Re: Alright, I give up. What does the "i" in "inode" stand for?

From: Kevin Buhr (buhr@telus.net)
Date: Thu Jul 25 2002 - 13:06:11 EST


Daniel Mose <imcol@unicyclist.com> writes:
>
> Someone pointed out earlier in this thread:
> "How Newbie can one get?"

*I* said that, and it should be noted that it was completely obvious
from context that it was tongue in cheek:

| Boy, how newbie can you get? Fortunately, you've got lots of people
| setting you straight, and they've given you all those different
| answers to choose from! ;)

(Get it? The obvious, "newbie" question is answered by the experts in
a dozen different ways. HAW HAW.)

Anyway, I hope you realized that.

> I can easily cope with the Idea that the I in I-node stands for
> whatever one likes it to be. The I-node context makes very good
> sense to me when you put it to work in FS context. The name
> I-node is as I see it, close to semantic rape. (as I also find
> some of the K&R/ANSI C keywords to be )

Is "semantic rape" supposed to be good or bad?

The name "inode" (or i-node or I-node or eye-node---haw haw) doesn't
have to mean anything as long as it's conveniently short and
immediately evocative to people who use the name. On its face,
calling something a "widget" isn't very descriptive either, yet its
meaning is obvious enough in the context of GUI programming. See also
the Linux kernel's "dentry" and "skbuff".

People don't invent these shared languages to alienate newcomers.
They are invented to facilitate efficient communication and, just as
importantly, to encapsulate big, complicated ideas in tiny,
manipulable pretend-words.
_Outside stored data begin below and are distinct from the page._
(* Let $d\ge1$ and let $D$ be a Newton diagram in $2$ variables whose support is exactly $\{(a,b)\in\mathbb N_0^2: a+b<d\}$. Then there exists a Newton diagram $\tilde D$ with the same support such that $\tilde D(a,b)=D(a,b)$ for all $(a,b)$ with $a+b=d-1$, and $SC(\tilde D)=\frac{d+1}{2}$.
   Context: For $m\in\mathbb Z^n$ write $|m|=m_1+\dots+m_n$; $e_1,\dots,e_n$ is the standard basis. A Newton diagram in $n$ variables is a function $D\colon\mathbb Z^n\to\{0,P,N\}$ ($P,N$ formal symbols) whose support $K=D^{-1}(\{P,N\})$ is a finite nonempty subset of $\mathbb N_0^n$. For $a\in\mathbb Z^n$ let $E(a)=\{a,a-e_1,\dots,a-e_n\}$; $E(a)$ is a node of $D$ if the image $D(E(a))$ equals $\{P\}$, $\{N\}$, $\{0,P\}$ or $\{0,N\}$. For $n=2$: a node $E(a)$ is an interior node if no point of $E(a)$ has $D$-value $0$, an edge node if exactly one does, a vertex node if exactly two do; a vertex node is a bottom node if its two $0$-points are $a-e_1$ and $a-e_2$. The weighted surface count is $SC(D)=(\#\text{interior nodes})+\tfrac12\big((\#\text{edge nodes})+(\#\text{vertex nodes})-(\#\text{bottom nodes})\big)$. *)

theory Defs
  imports Complex_Main
begin

datatype sgn = Zero | P | N

type_synonym pt = "int \<times> int"

definition support :: "(pt \<Rightarrow> sgn) \<Rightarrow> pt set" where
  "support D = {x. D x \<noteq> Zero}"

definition newton_diagram :: "(pt \<Rightarrow> sgn) \<Rightarrow> bool" where
  "newton_diagram D \<longleftrightarrow> finite (support D) \<and> support D \<noteq> {}
     \<and> (\<forall>(a,b)\<in>support D. a \<ge> 0 \<and> b \<ge> 0)"

definition E :: "pt \<Rightarrow> pt set" where
  "E p = {p, (fst p - 1, snd p), (fst p, snd p - 1)}"

definition is_node :: "(pt \<Rightarrow> sgn) \<Rightarrow> pt \<Rightarrow> bool" where
  "is_node D p \<longleftrightarrow> D ` E p \<in> {{P}, {N}, {Zero, P}, {Zero, N}}"

definition zero_pts :: "(pt \<Rightarrow> sgn) \<Rightarrow> pt \<Rightarrow> pt set" where
  "zero_pts D p = {x \<in> E p. D x = Zero}"

definition interior_nodes :: "(pt \<Rightarrow> sgn) \<Rightarrow> pt set" where
  "interior_nodes D = {p. is_node D p \<and> card (zero_pts D p) = 0}"

definition edge_nodes :: "(pt \<Rightarrow> sgn) \<Rightarrow> pt set" where
  "edge_nodes D = {p. is_node D p \<and> card (zero_pts D p) = 1}"

definition vertex_nodes :: "(pt \<Rightarrow> sgn) \<Rightarrow> pt set" where
  "vertex_nodes D = {p. is_node D p \<and> card (zero_pts D p) = 2}"

definition bottom_nodes :: "(pt \<Rightarrow> sgn) \<Rightarrow> pt set" where
  "bottom_nodes D = {p \<in> vertex_nodes D.
      zero_pts D p = {(fst p - 1, snd p), (fst p, snd p - 1)}}"

definition SC :: "(pt \<Rightarrow> sgn) \<Rightarrow> real" where
  "SC D = real (card (interior_nodes D))
     + (real (card (edge_nodes D)) + real (card (vertex_nodes D))
        - real (card (bottom_nodes D))) / 2"

end

theory Submission
  imports Defs
begin

(* The new diagram keeps the top row a + b = d - 1 of D and, going down
   each horizontal line b = const, alternates the sign at every step to the left.
   Then two horizontally adjacent points of the triangle always carry different
   signs, so no node can contain both of them.  This kills all interior nodes and
   all edge nodes on the bottom side; on every row 1 <= b < d there is exactly one
   edge node, on the left side (if the top-row signs at heights b and b - 1 differ)
   or on the hypotenuse (if they agree).  The three corners are vertex nodes, only
   (0,0) being a bottom node, so SC = (d - 1)/2 + (3 - 1)/2 = (d + 1)/2. *)

lemma zero_pts_card:
  "card (zero_pts F (a, b)) =
     of_bool (F (a, b) = Zero) + of_bool (F (a - 1, b) = Zero) + of_bool (F (a, b - 1) = Zero)"
  unfolding zero_pts_def E_def Collect_conj_eq Collect_mem_eq
  by (simp add: Int_insert_left card_insert_if)

lemma is_node_iff:
  "is_node F p \<longleftrightarrow> (\<exists>x\<in>E p. F x \<noteq> Zero)
     \<and> (\<forall>x\<in>E p. \<forall>y\<in>E p. F x \<noteq> Zero \<longrightarrow> F y \<noteq> Zero \<longrightarrow> F x = F y)"
proof -
  obtain u v w where "E p = {u, v, w}" unfolding E_def by blast
  then show ?thesis unfolding is_node_def
    by (cases "F u"; cases "F v"; cases "F w") (auto simp: insert_commute doubleton_eq_iff)
qed

(* A vertex node E(p) is a bottom node exactly when D(p) is nonzero, since then its two
   zero points can only be p - e1 and p - e2. *)
lemma bottom_node_iff: "bottom_nodes F = {p \<in> vertex_nodes F. F p \<noteq> Zero}"
proof -
  have key: "zero_pts F p = {(fst p - 1, snd p), (fst p, snd p - 1)} \<longleftrightarrow> F p \<noteq> Zero"
    if "card (zero_pts F p) = 2" for p
  proof
    assume "zero_pts F p = {(fst p - 1, snd p), (fst p, snd p - 1)}"
    moreover have "p \<notin> {(fst p - 1, snd p), (fst p, snd p - 1)}" by (cases p) auto
    ultimately show "F p \<noteq> Zero" unfolding zero_pts_def E_def by auto
  next
    assume "F p \<noteq> Zero"
    then have "zero_pts F p \<subseteq> {(fst p - 1, snd p), (fst p, snd p - 1)}"
      unfolding zero_pts_def E_def by auto
    moreover have "card {(fst p - 1, snd p), (fst p, snd p - 1)} = 2" by simp
    ultimately show "zero_pts F p = {(fst p - 1, snd p), (fst p, snd p - 1)}"
      using that by (metis card_subset_eq finite.emptyI finite.insertI)
  qed
  show ?thesis unfolding bottom_nodes_def vertex_nodes_def
    by (rule Collect_cong) (use key in blast)
qed

definition triangle :: "nat \<Rightarrow> pt set" where
  "triangle d = {(a, b). 0 \<le> a \<and> 0 \<le> b \<and> a + b < int d}"

context
  fixes d :: nat and F :: "pt \<Rightarrow> sgn"
  assumes d_pos: "1 \<le> d" and supp: "support F = triangle d"
begin

lemma triangle_zero_iff: "F (a, b) = Zero \<longleftrightarrow> \<not> (0 \<le> a \<and> 0 \<le> b \<and> a + b < int d)"
  using supp unfolding support_def triangle_def by blast

lemma triangle_vertex_nodes: "vertex_nodes F = {(0, 0), (int d, 0), (0, int d)}"
proof -
  have "is_node F (a, b) \<and> card (zero_pts F (a, b)) = 2
          \<longleftrightarrow> (a, b) \<in> {(0, 0), (int d, 0), (0, int d)}" for a b
    unfolding is_node_iff E_def zero_pts_card using d_pos by (auto simp: triangle_zero_iff)
  then show ?thesis unfolding vertex_nodes_def by auto
qed

lemma triangle_bottom_nodes: "bottom_nodes F = {(0, 0)}"
  unfolding bottom_node_iff triangle_vertex_nodes using d_pos by (auto simp: triangle_zero_iff)

lemma one_zero_point_iff:
  "card (zero_pts F (a, b)) = 1 \<longleftrightarrow>
     (b = 0 \<and> 1 \<le> a \<and> a < int d) \<or> (1 \<le> b \<and> b < int d \<and> (a = 0 \<or> a = int d - b))"
  unfolding zero_pts_card by (auto simp: triangle_zero_iff)

end

fun flip :: "sgn \<Rightarrow> sgn" where
  "flip Zero = Zero" | "flip P = N" | "flip N = P"

definition alternating :: "nat \<Rightarrow> (int \<Rightarrow> sgn) \<Rightarrow> pt \<Rightarrow> sgn" where
  "alternating d s p =
     (if p \<in> triangle d
      then (if even (int d - 1 - fst p - snd p) then s (snd p) else flip (s (snd p)))
      else Zero)"

(* The unique edge node at height b: on the left side if the top-row signs at heights
   b and b - 1 differ, just beyond the hypotenuse otherwise. *)
definition row_edge_node :: "nat \<Rightarrow> (int \<Rightarrow> sgn) \<Rightarrow> int \<Rightarrow> pt" where
  "row_edge_node d s b = (if s b \<noteq> s (b - 1) then (0, b) else (int d - b, b))"

context
  fixes d :: nat and s :: "int \<Rightarrow> sgn"
  assumes d_pos: "1 \<le> d" and s_nonzero: "\<And>b. 0 \<le> b \<Longrightarrow> b < int d \<Longrightarrow> s b \<noteq> Zero"
begin

abbreviation Alt :: "pt \<Rightarrow> sgn" where "Alt \<equiv> alternating d s"

lemma alternating_support: "support Alt = triangle d"
proof -
  have "s b \<noteq> Zero" if "(a, b) \<in> triangle d" for a b
    using that s_nonzero by (auto simp: triangle_def)
  then show ?thesis
    unfolding support_def alternating_def by (auto elim: flip.elims)
qed

lemma alternating_row_step:
  assumes "0 \<le> b" and "1 \<le> a" and "a + b < int d"
  shows "Alt (a - 1, b) \<noteq> Alt (a, b)"
proof -
  have "int d - 1 - (a - 1) - b = (int d - 1 - a - b) + 1" by simp
  moreover have "s b \<noteq> Zero" using assms s_nonzero by simp
  ultimately show ?thesis
    using assms unfolding alternating_def triangle_def by (cases "s b") auto
qed

lemma alternating_hypotenuse:
  assumes "0 \<le> a" and "0 \<le> b" and "a + b = int d - 1"
  shows "Alt (a, b) = s b"
proof -
  have on_top_row: "int d - 1 - a - b = 0" using assms by simp
  have "(a, b) \<in> triangle d" using assms by (simp add: triangle_def)
  then show ?thesis unfolding alternating_def fst_conv snd_conv on_top_row by simp
qed

(* On the left side, the two signs at heights b and b - 1 agree iff the top-row signs
   differ, since the two points lie at distances of different parity from the top row. *)
lemma alternating_left_column:
  assumes "1 \<le> b" and "b < int d"
  shows "Alt (0, b) = Alt (0, b - 1) \<longleftrightarrow> s b \<noteq> s (b - 1)"
proof -
  have "int d - 1 - 0 - (b - 1) = (int d - 1 - 0 - b) + 1" by simp
  moreover have "s b \<noteq> Zero" "s (b - 1) \<noteq> Zero" using assms s_nonzero by simp_all
  ultimately show ?thesis
    using assms unfolding alternating_def triangle_def by (cases "s b"; cases "s (b - 1)") auto
qed

lemma alternating_zero_iff: "Alt (a, b) = Zero \<longleftrightarrow> \<not> (0 \<le> a \<and> 0 \<le> b \<and> a + b < int d)"
  by (rule triangle_zero_iff[OF d_pos alternating_support])

(* An interior node would contain two horizontal neighbours of the triangle. *)
lemma alternating_interior_nodes: "interior_nodes Alt = {}"
proof -
  have "\<not> is_node Alt (a, b)" if "card (zero_pts Alt (a, b)) = 0" for a b
  proof -
    have "0 \<le> b" "1 \<le> a" "a + b < int d" "Alt (a, b) \<noteq> Zero" "Alt (a - 1, b) \<noteq> Zero"
      using that by (auto simp: zero_pts_card alternating_zero_iff)
    then show ?thesis
      using alternating_row_step[of b a] by (auto simp: is_node_iff E_def)
  qed
  then show ?thesis unfolding interior_nodes_def by auto
qed

lemma alternating_edge_node_iff:
  assumes "card (zero_pts Alt (a, b)) = 1"
  shows "is_node Alt (a, b) \<longleftrightarrow> 1 \<le> b \<and> (a, b) = row_edge_node d s b"
proof -
  have "(b = 0 \<and> 1 \<le> a \<and> a < int d) \<or> (1 \<le> b \<and> b < int d \<and> (a = 0 \<or> a = int d - b))"
    using assms one_zero_point_iff[OF d_pos alternating_support] by simp
  then show ?thesis
  proof (elim disjE conjE)
    assume "b = 0" "1 \<le> a" "a < int d"
    then show ?thesis
      using alternating_row_step[of b a]
      by (auto simp: is_node_iff E_def alternating_zero_iff)
  next
    assume "1 \<le> b" "b < int d" "a = 0"
    then show ?thesis
      using alternating_left_column[of b]
      by (auto simp: is_node_iff E_def alternating_zero_iff row_edge_node_def)
  next
    assume "1 \<le> b" "b < int d" "a = int d - b"
    then show ?thesis
      using alternating_hypotenuse[of "a - 1" b]
        alternating_hypotenuse[of a "b - 1"]
      by (auto simp: is_node_iff E_def alternating_zero_iff row_edge_node_def)
  qed
qed

lemma alternating_edge_nodes: "edge_nodes Alt = row_edge_node d s ` {1..<int d}"
proof -
  have "(a, b) \<in> edge_nodes Alt \<longleftrightarrow> 1 \<le> b \<and> b < int d \<and> (a, b) = row_edge_node d s b" for a b
    using alternating_edge_node_iff[of a b] one_zero_point_iff[OF d_pos alternating_support, of a b]
    unfolding edge_nodes_def row_edge_node_def by auto
  moreover have "snd (row_edge_node d s b) = b" for b
    by (simp add: row_edge_node_def)
  ultimately show ?thesis by (auto simp: image_iff) (metis prod.collapse)
qed

lemma alternating_edge_count: "card (edge_nodes Alt) = d - 1"
proof -
  have "inj_on (row_edge_node d s) {1..<int d}"
    by (rule inj_on_inverseI[where g = snd]) (simp add: row_edge_node_def)
  then show ?thesis unfolding alternating_edge_nodes by (simp add: card_image)
qed

lemma alternating_SC: "SC Alt = (real d + 1) / 2"
proof -
  have "card (vertex_nodes Alt) = 3"
    using d_pos unfolding triangle_vertex_nodes[OF d_pos alternating_support] by simp
  moreover have "card (bottom_nodes Alt) = 1"
    unfolding triangle_bottom_nodes[OF d_pos alternating_support] by simp
  ultimately show ?thesis
    unfolding SC_def alternating_interior_nodes alternating_edge_count using d_pos
    by (simp add: of_nat_diff)
qed

end

theorem mainTheorem9:
  fixes d :: nat and D :: "pt \<Rightarrow> sgn"
  assumes "d \<ge> 1"
    and "newton_diagram D"
    and "support D = {(a, b). a \<ge> 0 \<and> b \<ge> 0 \<and> a + b < int d}"
  shows "\<exists>D'. newton_diagram D' \<and> support D' = support D
           \<and> (\<forall>a b. a \<ge> 0 \<and> b \<ge> 0 \<and> a + b = int d - 1 \<longrightarrow> D' (a, b) = D (a, b))
           \<and> SC D' = (real d + 1) / 2"
proof -
  define s where "s b = D (int d - 1 - b, b)" for b
  have supp: "support D = triangle d"
    using assms(3) by (simp add: triangle_def)
  have s_nonzero: "s b \<noteq> Zero" if "0 \<le> b" "b < int d" for b
  proof -
    have "(int d - 1 - b, b) \<in> support D"
      using supp that by (simp add: triangle_def)
    then show ?thesis by (simp add: s_def support_def)
  qed
  let ?D' = "alternating d s"
  have same_support: "support ?D' = support D"
    using alternating_support[of d s, OF assms(1) s_nonzero] supp by simp
  then have "newton_diagram ?D'"
    using assms(2) unfolding newton_diagram_def by simp
  moreover have "?D' (a, b) = D (a, b)" if "0 \<le> a" "0 \<le> b" "a + b = int d - 1" for a b
  proof -
    have "int d - 1 - b = a" using that by simp
    then show ?thesis
      using alternating_hypotenuse[of d s, OF assms(1) s_nonzero that] by (simp add: s_def)
  qed
  ultimately show ?thesis
    using same_support alternating_SC[of d s, OF assms(1) s_nonzero] by blast
qed

end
They facilitate *thought* (and, so, the
design process) as much as they facilitate communciation.

That's good, right?

> What bothers my self a bit more in the kernel context, and thus
> makes me an even more eager "Kernel alienate" than I believe Rob
> to be, are the "atomic_" calls/functions and their semantic origin.

This has been explained by others, but let me note that the Jargon
File is an excellent resource for these types of questions:

        http://www.tuxedo.org/~esr/jargon/

It doesn't include "inode" (which falls a little outside its scope),
but it has entries for "atomic", "foo", "bar", and "foobar".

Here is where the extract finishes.